Vancouver opens door to laneway housing

The City of Vancouver is moving ahead with a plan to let homeowners convert their garages into living spaces.

The city of Vancouver is moving ahead with a plan to allow 100 homeowners to convert their back-alley garages into laneway housing.

The plan, approved Thursday night with the unanimous support of civic council, is one of the key parts of the municipality's controversial eco-density charter adopted in June to increase the number of people living in the city in an environmentally sustainable manner.

Many people can see how having a living space in their garage will work in a city with little affordable rental space, Coun. Suzanne Anton said.  

"Our kids are starting to leave the house.
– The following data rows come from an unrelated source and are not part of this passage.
(* Let $\mathcal{X}$ be a finite set, $\pi$ a probability mass function on $\mathcal{X}$ with $\pi(x)>0$ for all $x$, and let a group $\mathcal{G}$ act on $\mathcal{X}$, with orbits $\mathcal{O}(x)=\{gx:g\in\mathcal{G}\}$. Let $G$, $M$, $B$ be the Gibbs, Metropolis–Hastings and Barker orbit kernels associated with this same action (defined below). If $M$ does not have a deterministic 2-cycle on any of its orbits, then $\lim_{i\to\infty} M^i = G$. Moreover, $\lim_{i\to\infty}B^i=G$.
   Context: The Gibbs orbit kernel is $G(x,y)=\pi(y)/\pi(\mathcal{O}(x))$ if $y\in\mathcal{O}(x)$ and $0$ otherwise, where $\pi(\mathcal{O}(x))=\sum_{z\in\mathcal{O}(x)}\pi(z)$. The Metropolis–Hastings orbit kernel is $M(x,y)=\frac{1}{|\mathcal{O}(x)|-1}\min\{1,\pi(y)/\pi(x)\}$ for $y\in\mathcal{O}(x)$, $y\neq x$; $M(x,y)=0$ for $y\notin\mathcal{O}(x)$; and $M(x,x)=1-\sum_{y\ne x}M(x,y)$ (so $M(x,x)=1$ if $|\mathcal{O}(x)|=1$). The Barker orbit kernel $B$ is defined identically with $\min\{1,\pi(y)/\pi(x)\}$ replaced by $\pi(y)/(\pi(x)+\pi(y))$. Each of these kernels is block diagonal with respect to the orbits. "$M$ has a deterministic 2-cycle on an orbit" means that the block of $M$ on that orbit equals $\begin{pmatrix}0&1\\1&0\end{pmatrix}$. *)

theory Defs
  imports "HOL-Analysis.Analysis" "HOL-Algebra.Group_Action"
begin

definition gibbs_orbit_kernel ::
  "('g, 'm) monoid_scheme \<Rightarrow> ('g \<Rightarrow> 'b \<Rightarrow> 'b) \<Rightarrow> ('b \<Rightarrow> real) \<Rightarrow> 'b \<Rightarrow> 'b \<Rightarrow> real" where
  "gibbs_orbit_kernel G \<phi> \<pi> x y =
     (if y \<in> orbit G \<phi> x then \<pi> y / (\<Sum>z\<in>orbit G \<phi> x. \<pi> z) else 0)"

definition orbit_kernel_off ::
  "('g, 'm) monoid_scheme \<Rightarrow> ('g \<Rightarrow> 'b \<Rightarrow> 'b) \<Rightarrow> (real \<Rightarrow> real \<Rightarrow> real) \<Rightarrow> ('b \<Rightarrow> real)
   \<Rightarrow> 'b \<Rightarrow> 'b \<Rightarrow> real" where
  "orbit_kernel_off G \<phi> acc \<pi> x y =
     (if y \<in> orbit G \<phi> x \<and> y \<noteq> x
      then acc (\<pi> x) (\<pi> y) / (real (card (orbit G \<phi> x)) - 1) else 0)"

definition orbit_kernel ::
  "('g, 'm) monoid_scheme \<Rightarrow> ('g \<Rightarrow> 'b \<Rightarrow> 'b) \<Rightarrow> (real \<Rightarrow> real \<Rightarrow> real) \<Rightarrow> ('b \<Rightarrow> real)
   \<Rightarrow> 'b \<Rightarrow> 'b \<Rightarrow> real" where
  "orbit_kernel G \<phi> acc \<pi> x y =
     (if y = x then 1 - (\<Sum>z\<in>orbit G \<phi> x - {x}. orbit_kernel_off G \<phi> acc \<pi> x z)
      else orbit_kernel_off G \<phi> acc \<pi> x y)"

definition mh_orbit_kernel ::
  "('g, 'm) monoid_scheme \<Rightarrow> ('g \<Rightarrow> 'b \<Rightarrow> 'b) \<Rightarrow> ('b \<Rightarrow> real) \<Rightarrow> 'b \<Rightarrow> 'b \<Rightarrow> real" where
  "mh_orbit_kernel G \<phi> \<pi> = orbit_kernel G \<phi> (\<lambda>px py. min 1 (py / px)) \<pi>"

definition barker_orbit_kernel ::
  "('g, 'm) monoid_scheme \<Rightarrow> ('g \<Rightarrow> 'b \<Rightarrow> 'b) \<Rightarrow> ('b \<Rightarrow> real) \<Rightarrow> 'b \<Rightarrow> 'b \<Rightarrow> real" where
  "barker_orbit_kernel G \<phi> \<pi> = orbit_kernel G \<phi> (\<lambda>px py. py / (px + py)) \<pi>"

fun kernel_pow :: "'b set \<Rightarrow> ('b \<Rightarrow> 'b \<Rightarrow> real) \<Rightarrow> nat \<Rightarrow> 'b \<Rightarrow> 'b \<Rightarrow> real" where
  "kernel_pow X K 0 = (\<lambda>x y. if x = y then 1 else 0)"
| "kernel_pow X K (Suc n) = (\<lambda>x y. \<Sum>z\<in>X. kernel_pow X K n x z * K z y)"

definition det_2cycle_on :: "('b \<Rightarrow> 'b \<Rightarrow> real) \<Rightarrow> 'b set \<Rightarrow> bool" where
  "det_2cycle_on K Orb \<longleftrightarrow> card Orb = 2 \<and>
     (\<forall>x\<in>Orb. \<forall>y\<in>Orb. K x y = (if x = y then 0 else 1))"

end

theory Submission
  imports Defs
begin

(* Each of the kernels is block diagonal with respect to the orbits.  On an orbit O all
   off-diagonal entries are positive, and the kernel is reversible, hence stationary, for pi
   restricted to O and normalised, which is the row of the Gibbs kernel.  So the two-step
   kernel is strictly positive on O unless |O| = 2 and both diagonal entries vanish, i.e.
   unless there is a deterministic 2-cycle; Barker's acceptance probability is always below 1,
   so its diagonal never vanishes.  A strictly positive power of a stochastic matrix contracts
   the l1-distance of every row to a stationary distribution by a fixed factor below 1
   (Doeblin's argument), so the powers converge to the Gibbs kernel. *)

definition stochastic_on :: "'b set \<Rightarrow> ('b \<Rightarrow> 'b \<Rightarrow> real) \<Rightarrow> bool" where
  "stochastic_on S K \<longleftrightarrow> (\<forall>x\<in>S. \<forall>y\<in>S. 0 \<le> K x y) \<and> (\<forall>x\<in>S. (\<Sum>y\<in>S. K x y) = 1)"

definition stationary_on :: "'b set \<Rightarrow> ('b \<Rightarrow> 'b \<Rightarrow> real) \<Rightarrow> ('b \<Rightarrow> real) \<Rightarrow> bool" where
  "stationary_on S K \<mu> \<longleftrightarrow> (\<forall>y\<in>S. (\<Sum>x\<in>S. \<mu> x * K x y) = \<mu> y)"

lemma kernel_pow_2:
  assumes "finite S" "x \<in> S"
  shows "kernel_pow S K 2 x y = (\<Sum>z\<in>S. K x z * K z y)"
  using assms by (simp add: numeral_2_eq_2 if_distrib[where f = "\<lambda>a. a * _"] cong: if_cong)

lemma kernel_pow_add:
  assumes "finite S" "y \<in> S"
  shows "kernel_pow S K (i + j) x y = (\<Sum>z\<in>S. kernel_pow S K i x z * kernel_pow S K j z y)"
  using assms(2)
proof (induction j arbitrary: y)
  case 0
  then show ?case
    using assms(1) by (simp add: if_distrib[where f = "\<lambda>a. _ * a"] cong: if_cong)
next
  case (Suc j)
  have "kernel_pow S K (i + Suc j) x y
      = (\<Sum>w\<in>S. \<Sum>z\<in>S. kernel_pow S K i x z * kernel_pow S K j z w * K w y)"
    using Suc.IH by (simp add: sum_distrib_right)
  also have "\<dots> = (\<Sum>z\<in>S. kernel_pow S K i x z * kernel_pow S K (Suc j) z y)"
    by (subst sum.swap) (simp add: sum_distrib_left mult.assoc)
  finally show ?case .
qed

lemma stochastic_on_kernel_pow:
  assumes "finite S" "stochastic_on S K"
  shows "stochastic_on S (kernel_pow S K i)"
proof (induction i)
  case 0
  then show ?case
    using assms(1) by (simp add: stochastic_on_def)
next
  case (Suc i)
  have "(\<Sum>y\<in>S. kernel_pow S K (Suc i) x y) = 1" if "x \<in> S" for x
  proof -
    have "(\<Sum>y\<in>S. kernel_pow S K (Suc i) x y) = (\<Sum>z\<in>S. kernel_pow S K i x z * (\<Sum>y\<in>S. K z y))"
      by (simp add: sum_distrib_left) (rule sum.swap)
    also have "\<dots> = 1"
      using Suc that assms(2) by (simp add: stochastic_on_def)
    finally show ?thesis .
  qed
  moreover have "0 \<le> kernel_pow S K (Suc i) x y" if "x \<in> S" "y \<in> S" for x y
    using Suc that assms(2) by (auto simp: stochastic_on_def intro!: sum_nonneg)
  ultimately show ?case
    by (simp add: stochastic_on_def del: kernel_pow.simps)
qed
(* Let $n\ge2$ and let $\gamma:I\to\mathbb{R}^2$ be a $C^\infty$ curve with $0\in I$. Then $\gamma'(0)=\cdots=\gamma^{(n-1)}(0)=\mathbf{0}$ and $\det(\gamma^{(n)}(0),\gamma^{(n+1)}(0))\neq0$ if and only if $\gamma$ is $\mathcal{A}$-equivalent at $t=0$ to a curve $\gamma_0(t)=(t^n,t^{n+1})+h(t)$, where $h$ is an $\mathbb{R}^2$-valued $C^\infty$ function with $h(0)=h'(0)=\cdots=h^{(n+2)}(0)=\mathbf{0}$.
   Context: $\mathcal{A}$-equivalence of curve germs: existence of $C^\infty$ diffeomorphism germs $\psi$ of $(\mathbb{R},0)$ and $\Psi$ of $\mathbb{R}^2$ with $\Psi\circ\gamma_1\circ\psi^{-1}=\gamma_2$. *)

theory Defs
  imports "HOL-Analysis.Analysis"
begin

fun dderivs :: "'a::real_normed_vector list \<Rightarrow> ('a \<Rightarrow> 'b::real_normed_vector) \<Rightarrow> 'a \<Rightarrow> 'b" where
  "dderivs [] f = f"
| "dderivs (v # vs) f = (\<lambda>x. frechet_derivative (dderivs vs f) (at x) v)"

definition smooth_on :: "'a::real_normed_vector set \<Rightarrow> ('a \<Rightarrow> 'b::real_normed_vector) \<Rightarrow> bool" where
  "smooth_on U f \<longleftrightarrow> open U \<and> (\<forall>vs. \<forall>x\<in>U. dderivs vs f differentiable (at x))"

definition nderiv :: "nat \<Rightarrow> (real \<Rightarrow> 'b::real_normed_vector) \<Rightarrow> real \<Rightarrow> 'b" where
  "nderiv k f = ((\<lambda>g t. vector_derivative g (at t)) ^^ k) f"

definition det2 :: "real \<times> real \<Rightarrow> real \<times> real \<Rightarrow> real" where
  "det2 a b = fst a * snd b - snd a * fst b"

definition diffeo_germ :: "('a::real_normed_vector \<Rightarrow> 'a) \<Rightarrow> 'a \<Rightarrow> 'a \<Rightarrow> bool" where
  "diffeo_germ f p q \<longleftrightarrow> (\<exists>U V g. p \<in> U \<and> f p = q \<and> smooth_on U f \<and> smooth_on V g \<and>
      f ` U = V \<and> (\<forall>x\<in>U. g (f x) = x) \<and> (\<forall>y\<in>V. f (g y) = y))"

text \<open>A-equivalence of curve germs at t = 0: Psi o gamma1 o psi^{-1} = gamma2 as germs,
  written equivalently as Psi o gamma1 = gamma2 o psi near 0.\<close>
definition A_equiv_at0 :: "(real \<Rightarrow> real \<times> real) \<Rightarrow> (real \<Rightarrow> real \<times> real) \<Rightarrow> bool" where
  "A_equiv_at0 \<gamma>1 \<gamma>2 \<longleftrightarrow> (\<exists>\<psi> \<Psi> W. diffeo_germ \<psi> 0 0 \<and> diffeo_germ \<Psi> (\<gamma>1 0) (\<gamma>2 0) \<and>
      open W \<and> 0 \<in> W \<and> (\<forall>s\<in>W. \<Psi> (\<gamma>1 s) = \<gamma>2 (\<psi> s)))"

end

theory Submission
  imports Defs
begin
(* For bivariate copulas $D,E$, the following are equivalent: (i) $D\le_{\partial_2S}E$; (ii) $\mathcal{T}(D)\ge_{lo}\mathcal{T}(E)$; (iii) $\mathcal{T}(D)\ge_{\partial_2S}\mathcal{T}(E)$; (iv) $\mathcal{T}^2(D)\le_{lo}\mathcal{T}^2(E)$; (v) $\mathcal{T}^2(D)\le_{\partial_2S}\mathcal{T}^2(E)$.
   Context: $\Pi(u,v)=uv$; $\partial_2$ the partial derivative in the second argument; $D\vee E(u,v):=\int_0^1\min\{\partial_2D(u,t),\partial_2E(v,t)\}\,dt$; $\mathcal{T}(C):=C\vee\Pi$, $\mathcal{T}^2=\mathcal{T}\circ\mathcal{T}$. $D\le_{lo}E$ means $D(u,v)\le E(u,v)$ for all $(u,v)\in[0,1]^2$. For measurable $f:(0,1)\to[0,1]$, $f^*$ is the a.e.-unique decreasing function with $\lambda(f^*\le y)=\lambda(f\le y)$ for all $y$; $f\prec_S g$ means $\int_0^vf^*(t)\,dt\le\int_0^vg^*(t)\,dt$ for all $v\in(0,1)$ with equality for $v=1$. $D\le_{\partial_2S}E$ means $\partial_2D(v,\cdot)\prec_S\partial_2E(v,\cdot)$ for all $v\in(0,1)$. *)

theory Defs
  imports "HOL-Analysis.Analysis"
begin

text \<open>Bivariate copulas, represented as functions real => real => real; only the
values on the unit square are constrained.\<close>
definition copula :: "(real \<Rightarrow> real \<Rightarrow> real) \<Rightarrow> bool" where
  "copula C \<longleftrightarrow>
     (\<forall>u\<in>{0..1}. C u 0 = 0 \<and> C 0 u = 0 \<and> C u 1 = u \<and> C 1 u = u) \<and>
     (\<forall>u1 u2 v1 v2. 0 \<le> u1 \<longrightarrow> u1 \<le> u2 \<longrightarrow> u2 \<le> 1 \<longrightarrow> 0 \<le> v1 \<longrightarrow> v1 \<le> v2 \<longrightarrow> v2 \<le> 1 \<longrightarrow>
        C u1 v1 + C u2 v2 - C u1 v2 - C u2 v1 \<ge> 0)"

definition Pi_cop :: "real \<Rightarrow> real \<Rightarrow> real" where
  "Pi_cop u v = u * v"

text \<open>Partial derivative in the second argument; set to 0 where it does not exist
  (a Lebesgue null set for copulas, so irrelevant for all integrals below).\<close>
definition partial2 :: "(real \<Rightarrow> real \<Rightarrow> real) \<Rightarrow> real \<Rightarrow> real \<Rightarrow> real" where
  "partial2 C u t = (if (\<lambda>s. C u s) differentiable (at t) then deriv (\<lambda>s. C u s) t else 0)"

definition join :: "(real \<Rightarrow> real \<Rightarrow> real) \<Rightarrow> (real \<Rightarrow> real \<Rightarrow> real) \<Rightarrow> real \<Rightarrow> real \<Rightarrow> real" where
  "join D E u v = (LINT t|lebesgue_on {0..1}. min (partial2 D u t) (partial2 E v t))"

definition Top :: "(real \<Rightarrow> real \<Rightarrow> real) \<Rightarrow> real \<Rightarrow> real \<Rightarrow> real" where
  "Top C = join C Pi_cop"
We could put ourselves in a little cottage, put our kids and grandkids one day in the house," she said.

"Elderly people might be able to put help in the little laneway house, letting them stay at home for many more years, if they have help."

The average cost of a conversion is expected to be around $150,000, but owners will only be able to rent and not sell the laneway homes.

Before any of the alley homes go ahead, there will be public hearings on a neighbourhood by neighbourhood basis, and only homes already zoned single-family will qualify for the pilot project.

That means the first laneway house won't be built for about a year, Anton said.

Gordon Price, a former Vancouver councillor and the director of the City Program, an urban-issues centre at Simon Fraser University, said the plan can work because Vancouver is rare among North American cities as it was laid out with back lanes by planners more than 100 years ago.

"They are really a product of late 19th-century urban planning, if you can call it that. It was the way that they laid out our block pattern, because they had to provide provision for the horses and carriages to come in to stables at the back," Price said Friday.